**DATA EXTRACTS:**
(* Let $E$ be an integral regular elliptic curve (genus $1$) over $\mathbb{F}_q$, let $\mathbf{n}_{m-1}$ be a tuple of positive integers, $Q=q_{\mathbf{n}_{m-1}}$, and let $a$, $\zeta^*$, $v^*_k$, $\beta^*_n$ be as in the context (assuming $\alpha_0\neq0$). Then, as formal power series in $x$ (the infinite product converging coefficientwise), $$\sum_{n=0}^\infty\beta^*_n\,x^n=\prod_{k=1}^\infty\frac{1-aQ^{-k}x+Q^{1-2k}x^2}{(1-Q^{-k}x)(1-Q^{1-k}x)};$$ equivalently, with $x=Q^{-s}$, $\sum_{n\ge0}\beta^*_nQ^{-ns}=\prod_{k\ge1}\zeta^*(s+k)$. Equivalently again, $\beta^*_n=b_n$ for all $n\ge0$, where $\sum_{n\ge0}b_nx^n=\exp\bigl(\sum_{k\ge1}\frac{N_k}{Q^k-1}\frac{x^k}{k}\bigr)$ with $N_k=Q^k+1-\omega_1^k-\omega_2^k$ and $\omega_1,\omega_2$ the roots of $z^2-az+Q$.
   Context: Let $\zeta_E(s)=\sum_{D\ge 0}N(D)^{-s}$ be the Artin zeta function of $E$ and $\widehat\zeta_E(s)=\zeta_E(s)$ its complete Artin zeta function (genus $1$). Derived zeta functions are defined recursively (here $g=1$). For the empty tuple $\mathbf{n}_{-1}=()$ put $q_{\mathbf{n}_{-1}}=q$, $T_{\mathbf{n}_{-1}}=q^{-s}$, $\widehat\zeta^{(\mathbf{n}_{-1})}_E=\widehat\zeta_E$. For a tuple $\mathbf{n}_m=(n_0,\dots,n_m)$ of positive integers put $\mathbf{n}_{m-1}=(n_0,\dots,n_{m-1})$, $q_{\mathbf{n}_m}=q^{n_0\cdots n_m}$, $T_{\mathbf{n}_m}=q^{-n_0\cdots n_ms}$; with $\widehat Z^{(\mathbf{n}_{m-1})}_E(T_{\mathbf{n}_{m-1}}):=\widehat\zeta^{(\mathbf{n}_{m-1})}_E(s)$, $\widehat\zeta^{(\mathbf{n}_{m-1})}_E(1):=\operatorname{Res}_{T_{\mathbf{n}_{m-1}}=1}\widehat Z^{(\mathbf{n}_{m-1})}_E$, $\widehat v_N=\prod_{k=1}^N\widehat\zeta^{(\mathbf{n}_{m-1})}_E(k)$, $$\widehat\zeta^{(\mathbf{n}_m)}_E(s)=\sum_{a=1}^{n_m}\Biggl(\sum_{\substack{k_1,\dots,k_p>0\\ \sum k_i=n_m-a}}\frac{\widehat v_{k_1}\cdots\widehat v_{k_p}}{\prod_{j=1}^{p-1}(1-q_{\mathbf{n}_{m-1}}^{k_j+k_{j+1}})}\frac{1}{1-q_{\mathbf{n}_{m-1}}^{n_ms-n_m+a+k_p}}\Biggr)\widehat\zeta^{(\mathbf{n}_{m-1})}_E(n_ms-n_m+a)\Biggl(\sum_{\substack{l_1,\dots,l_r>0\\ \sum l_i=a-1}}\frac{1}{1-q_{\mathbf{n}_{m-1}}^{-n_ms+n_m-a+1+l_1}}\frac{\widehat v_{l_1}\cdots\widehat v_{l_r}}{\prod_{j=1}^{r-1}(1-q_{\mathbf{n}_{m-1}}^{l_j+l_{j+1}})}\Biggr),$$ inner sums over ordered tuples of positive integers, an empty-composition sum being $1$. For the tuple $\mathbf{n}_{m-1}$, with $Q=q_{\mathbf{n}_{m-1}}$ and $T=Q^{-s}$, one can write $\widehat\zeta^{(\mathbf{n}_{m-1})}_E(s)=\alpha_0\cdot\frac{1-aT+QT^2}{(1-T)(1-QT)}$ with numbers $\alpha_0=\alpha^{(\mathbf{n}_{m-1})}_E(0)$ and $a$. Normalization: $\zeta^*(s):=\frac{1-aT+QT^2}{(1-T)(1-QT)}$, $\zeta^*(1):=\operatorname{Res}_{T=1}\zeta^*=\frac{Q+1-a}{Q-1}$, $v^*_k:=\prod_{j=1}^k\zeta^*(j)$, $\beta^*_0:=1$ and for $n\ge1$ $$\beta^*_n:=\sum_{\substack{k_1,\dots,k_p>0\\k_1+\cdots+k_p=n}}\frac{v^*_{k_1}\cdots v^*_{k_p}}{\prod_{j=1}^{p-1}(1-Q^{k_j+k_{j+1}})},$$ which is the $(\mathbf{n}_{m-1},n)$-derived beta invariant of $E$ computed from the normalized function $\zeta^*$. *)

theory Defs
  imports "HOL-Analysis.Analysis" "HOL-Computational_Algebra.Formal_Power_Series"
begin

**REQUIRED WORK:** From the line with "theory Defs" to the end of the listing above, set down every line exactly as it appears, both ends included.

**EXERCISE SOLUTION:**
theory Defs
  imports "HOL-Analysis.Analysis" "HOL-Computational_Algebra.Formal_Power_Series"
begin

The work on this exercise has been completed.